* Exercise requirements: Once the line containing "using cross_basis_expansion[of x" is found in the records below, return it and each following line exactly, up to and including the line containing "(?m \<bullet> ?m)) *\<^sub>R x", and nothing else.

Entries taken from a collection

(* Let $M$ be a Kokotsakis mesh with planar faces whose central face is a (non-degenerate) triangle $A_1A_2A_3$, in general position in the following sense: for each $i$, $v_i,w_i$ are not collinear and $a_{i-1},a_i$ do not lie in the plane spanned by $v_i,w_i$; the lines $l_1,l_2,l_3$ are pairwise non-parallel, the points $B_1,B_2,B_3$ are not collinear, and $A_i\notin\{B_{i-1},B_i\}$. Then $M$ is not infinitesimally flexible (and hence not flexible).
   Context: A Kokotsakis mesh with central $n$-gon consists of a central face with vertices $A_1,\dots,A_n$ (indices in $\mathbb Z/n\mathbb Z$) and points $V_i,W_i$ such that at each $A_i$ exactly four faces meet, containing the angles $A_{i+1}A_iA_{i-1}$ (central face), $A_{i-1}A_iV_i$, $V_iA_iW_i$, $W_iA_iA_{i+1}$; the face containing $W_iA_iA_{i+1}$ also contains $A_iA_{i+1}V_{i+1}$. Put $a_i=A_{i+1}-A_i$, $v_i=V_i-A_i$, $w_i=W_i-A_i$. $l_i$ is the intersection line of the plane of the central face with the plane through $A_i,V_i,W_i$, and $B_i=l_i\cap l_{i+1}$. Infinitesimally flexible: there is a nonzero infinitesimal isometric deformation with the central face fixed (each face moves infinitesimally rigidly). Flexible: there is a continuous non-constant family of meshes starting at $M$, with the central face fixed, in which each face stays congruent to its initial position. *)

theory Defs
  imports "HOL-Analysis.Analysis"
begin

text \<open>Indices are 0,1,2 (read modulo 3).
  A mesh is given by point functions A V W :: nat \<Rightarrow> real^3 (only 0,1,2 matter).
  Faces: the central face A0 A1 A2; for each i the side face through
  A i, A (i+1), V (i+1), W i (the face containing the angles W_i A_i A_{i+1} and
  A_i A_{i+1} V_{i+1}); the corner face at A i through V i, A i, W i.\<close>

definition nx :: "nat \<Rightarrow> nat" where "nx i = (i + 1) mod 3"
definition pv :: "nat \<Rightarrow> nat" where "pv i = (i + 2) mod 3"

text \<open>Planar faces (the side faces are quadrilaterals that must be planar;
  the central face and the corner angles are planar automatically).\<close>
definition planar_faces :: "(nat \<Rightarrow> real^3) \<Rightarrow> (nat \<Rightarrow> real^3) \<Rightarrow> (nat \<Rightarrow> real^3) \<Rightarrow> bool" where
  "planar_faces A V W \<longleftrightarrow> (\<forall>i<3. coplanar {A i, A (nx i), V (nx i), W i})"

definition inf_rigid :: "((real^3) \<times> (real^3)) list \<Rightarrow> bool" where
  "inf_rigid ps \<longleftrightarrow> (\<exists>\<omega> \<tau>. \<forall>(p, u) \<in> set ps. u = cross3 \<omega> p + \<tau>)"

text \<open>Infinitesimal isometric deformation with the central face fixed: velocities 0 at
  the A i, velocities dV i, dW i at V i, W i, each face moving infinitesimally rigidly.\<close>
definition inf_isometric_deformation ::
  "(nat \<Rightarrow> real^3) \<Rightarrow> (nat \<Rightarrow> real^3) \<Rightarrow> (nat \<Rightarrow> real^3) \<Rightarrow> (nat \<Rightarrow> real^3) \<Rightarrow> (nat \<Rightarrow> real^3) \<Rightarrow> bool" where
  "inf_isometric_deformation A V W dV dW \<longleftrightarrow>
     (\<forall>i<3. inf_rigid [(A i, 0), (A (nx i), 0), (V (nx i), dV (nx i)), (W i, dW i)]
          \<and> inf_rigid [(V i, dV i), (A i, 0), (W i, dW i)])"

definition inf_flexible :: "(nat \<Rightarrow> real^3) \<Rightarrow> (nat \<Rightarrow> real^3) \<Rightarrow> (nat \<Rightarrow> real^3) \<Rightarrow> bool" where
  "inf_flexible A V W \<longleftrightarrow>
     (\<exists>dV dW. inf_isometric_deformation A V W dV dW \<and> (\<exists>i<3. dV i \<noteq> 0 \<or> dW i \<noteq> 0))"

definition face_congruent :: "((real^3) \<times> (real^3)) list \<Rightarrow> bool" where
  "face_congruent ps \<longleftrightarrow>
     (\<exists>f :: real^3 \<Rightarrow> real^3. (\<forall>x y. dist (f x) (f y) = dist x y) \<and> (\<forall>(p, q) \<in> set ps. f p = q))"

definition flexible :: "(nat \<Rightarrow> real^3) \<Rightarrow> (nat \<Rightarrow> real^3) \<Rightarrow> (nat \<Rightarrow> real^3) \<Rightarrow> bool" where
  "flexible A V W \<longleftrightarrow>
     (\<exists>(\<epsilon>::real) (Vt :: real \<Rightarrow> nat \<Rightarrow> real^3) (Wt :: real \<Rightarrow> nat \<Rightarrow> real^3).
        \<epsilon> > 0 \<and>
        (\<forall>i<3. continuous_on {0..\<epsilon>} (\<lambda>s. Vt s i) \<and> continuous_on {0..\<epsilon>} (\<lambda>s. Wt s i)) \<and>
        (\<forall>i<3. Vt 0 i = V i \<and> Wt 0 i = W i) \<and>
        (\<forall>s\<in>{0..\<epsilon>}. \<forall>i<3.
            face_congruent [(A i, A i), (A (nx i), A (nx i)), (V (nx i), Vt s (nx i)), (W i, Wt s i)]
          \<and> face_congruent [(V i, Vt s i), (A i, A i), (W i, Wt s i)]) \<and>
        (\<exists>s\<in>{0..\<epsilon>}. \<exists>i<3. Vt s i \<noteq> V i \<or> Wt s i \<noteq> W i))"

definition lline :: "(nat \<Rightarrow> real^3) \<Rightarrow> (nat \<Rightarrow> real^3) \<Rightarrow> (nat \<Rightarrow> real^3) \<Rightarrow> nat \<Rightarrow> (real^3) set" where
  "lline A V W i = affine hull {A 0, A 1, A 2} \<inter> affine hull {A i, V i, W i}"

definition lines_parallel :: "(real^3) set \<Rightarrow> (real^3) set \<Rightarrow> bool" where
  "lines_parallel L M \<longleftrightarrow> (\<exists>c. M = (\<lambda>x. c + x) ` L)"

definition Bpt :: "(nat \<Rightarrow> real^3) \<Rightarrow> (nat \<Rightarrow> real^3) \<Rightarrow> (nat \<Rightarrow> real^3) \<Rightarrow> nat \<Rightarrow> real^3" where
  "Bpt A V W i = (THE p. p \<in> lline A V W i \<inter> lline A V W (nx i))"

end

theory Submission
  imports Defs
begin

text \<open>
  For the corner at A i put v i = V i - A i, w i = W i - A i, N i = v i \<times> w i, and
  X i = (A i - A (i - 1)) \<bullet> N i,  Y i = (A (i + 1) - A i) \<bullet> N i.
  The whole argument rests on the cycle condition X 0 * X 1 * X 2 \<noteq> Y 0 * Y 1 * Y 2.

  1. Vector algebra in three-space: expansion of a vector in the basis x, y, x \<times> y and its
     consequences (planes, coplanarity, vectors orthogonal to two normals).
  2. Plane geometry: a Ceva-type dichotomy shows that if the cycle condition fails, the lines
     l i (the traces of the corner planes in the plane of the triangle) are concurrent or two of
     them are parallel; the general position hypotheses exclude both.
  3. The cyclic linear system  t (i - 1) * X i = t i * Y i  has determinant
     X 0 X 1 X 2 - Y 0 Y 1 Y 2, so under the cycle condition its solutions are controlled by its
     residuals.
  4. Infinitesimal rigidity: an infinitesimal motion fixing the central face turns each side face
     about its hinge with an angular speed t i; the corners force the cyclic system exactly, so t = 0.
  5. Rigidity: along a continuous deformation, the displacements z i of the points W i satisfy the
     same system up to errors of second order, and z i is controlled by its normal component;
     hence S \<le> L * S^2 for the total displacement S, which forces S = 0 by continuity.
\<close>

unbundle cross3_syntax

lemma less_3_iff: "i < (3::nat) \<longleftrightarrow> i = 0 \<or> i = 1 \<or> i = 2"
  by auto

lemma all_less_3: "(\<forall>i<(3::nat). P i) \<longleftrightarrow> P 0 \<and> P 1 \<and> P 2"
  unfolding less_3_iff by blast

lemma nx_pv_values:
  "nx 0 = 1" "nx 1 = 2" "nx 2 = 0" "pv 0 = 2" "pv 1 = 0" "pv 2 = 1"
  by (simp_all add: nx_def pv_def)

lemma nx_pv_range:
  assumes "i < 3"
  shows "nx i < 3" "pv i < 3" "nx (pv i) = i" "nx i \<noteq> i"
  using assms unfolding less_3_iff by (auto simp: nx_def pv_def)

subsection \<open>Vector algebra in three-space\<close>

lemma cross_basis_expansion:
  fixes x y u :: "real^3"
  shows "((x \<times> y) \<bullet> (x \<times> y)) *\<^sub>R u = (u \<bullet> (x \<times> y)) *\<^sub>R (x \<times> y)
     + ((x \<bullet> u) * (y \<bullet> y) - (y \<bullet> u) * (x \<bullet> y)) *\<^sub>R x
     + ((y \<bullet> u) * (x \<bullet> x) - (x \<bullet> u) * (x \<bullet> y)) *\<^sub>R y"
  unfolding vec_eq_iff forall_3 cross3_def inner_vec_def sum_3 by (simp add: algebra_simps)

lemma triple_product_swap:
  fixes x y z :: "real^3"
  shows "x \<bullet> (y \<times> z) = - (y \<bullet> (x \<times> z))"
  unfolding cross3_def inner_vec_def sum_3 by (simp add: algebra_simps)

lemma triple_product_rotate:
  fixes x y z :: "real^3"
  shows "x \<bullet> (y \<times> z) = z \<bullet> (x \<times> y)"
  by (metis cross_triple inner_commute)

lemma triple_product_span2:
  fixes e f :: "real^3"
  shows "(a1 *\<^sub>R e + b1 *\<^sub>R f) \<bullet> ((a2 *\<^sub>R e + b2 *\<^sub>R f) \<times> (a3 *\<^sub>R e + b3 *\<^sub>R f)) = 0"
  unfolding cross3_def inner_vec_def sum_3 by (simp add: algebra_simps)

lemma combination_if_orthogonal_to_cross:
  fixes x y u :: "real^3"
  assumes "x \<times> y \<noteq> 0" "u \<bullet> (x \<times> y) = 0"
  shows "\<exists>c d. u = c *\<^sub>R x + d *\<^sub>R y"
proof -
  let ?m = "x \<times> y"
  have "(?m \<bullet> ?m) *\<^sub>R u = ((x \<bullet> u) * (y \<bullet> y) - (y \<bullet> u) * (x \<bullet> y)) *\<^sub>R x
      + ((y \<bullet> u) * (x \<bullet> x) - (x \<bullet> u) * (x \<bullet> y)) *\<^sub>R y"
    using cross_basis_expansion[of x y u] assms(2) by simp
  moreover have "u = (1 / (?m \<bullet> ?m)) *\<^sub>R ((?m \<bullet> ?m) *\<^sub>R u)"
    using assms(1) by simp
  ultimately have "u = (((x \<bullet> u) * (y \<bullet> y) - (y \<bullet> u) * (x \<bullet> y)) / (?m \<bullet> ?m)) *\<^sub>R x
      + (((y \<bullet> u) * (x \<bullet> x) - (x \<bullet> u) * (x \<bullet> y)) / (?m \<bullet> ?m)) *\<^sub>R y"
    by (simp add: scaleR_add_right)
  then show ?thesis by blast
qed

lemma triple_product_nonzero:
  fixes a v w :: "real^3"
  assumes "\<not> collinear {0, v, w}" "a \<notin> span {v, w}"
  shows "a \<bullet> (v \<times> w) \<noteq> 0"
proof
  assume "a \<bullet> (v \<times> w) = 0"
  moreover have "v \<times> w \<noteq> 0" using assms(1) cross_eq_0 by blast
  ultimately obtain c d where "a = c *\<^sub>R v + d *\<^sub>R w"
    using combination_if_orthogonal_to_cross by blast
  then have "a \<in> span {v, w}" by (simp add: span_add span_mul span_base)
  with assms(2) show False ..
qed

lemma orthogonal_to_two_normals:
  fixes n N u :: "real^3"
  assumes "u \<bullet> n = 0" "u \<bullet> N = 0"
  shows "((n \<times> N) \<bullet> (n \<times> N)) *\<^sub>R u = (u \<bullet> (n \<times> N)) *\<^sub>R (n \<times> N)"
  using cross_basis_expansion[of n N u] assms by (simp add: inner_commute)

lemma cross_nonzero_if_noncollinear:
  fixes p q r :: "real^3"
  assumes "\<not> collinear {p, q, r}"
  shows "(q - p) \<times> (r - p) \<noteq> 0"
proof -
  have "collinear {q, p, r} \<longleftrightarrow> collinear {0, q - p, r - p}"
    by (rule collinear_3) simp
  moreover have "{q, p, r} = {p, q, r}" by auto
  ultimately show ?thesis using assms cross_eq_0 by metis
qed

lemma cross_nonzero_if_oblique:
  fixes n N a :: "real^3"
  assumes "n \<noteq> 0" "a \<bullet> n = 0" "a \<bullet> N \<noteq> 0"
  shows "n \<times> N \<noteq> 0"
proof
  assume "n \<times> N = 0"
  then have "(n \<bullet> n) *\<^sub>R N = (N \<bullet> n) *\<^sub>R n"
    using Lagrange[of n n N] by (simp add: inner_commute)
  then have "(n \<bullet> n) * (a \<bullet> N) = (N \<bullet> n) * (a \<bullet> n)"
    by (metis inner_scaleR_right)
  then show False using assms by simp
qed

* Written response:
    using cross_basis_expansion[of x y u] assms(2) by simp
  moreover have "u = (1 / (?m \<bullet> ?m)) *\<^sub>R ((?m \<bullet> ?m) *\<^sub>R u)"
    using assms(1) by simp
  ultimately have "u = (((x \<bullet> u) * (y \<bullet> y) - (y \<bullet> u) * (x \<bullet> y)) / (?m \<bullet> ?m)) *\<^sub>R x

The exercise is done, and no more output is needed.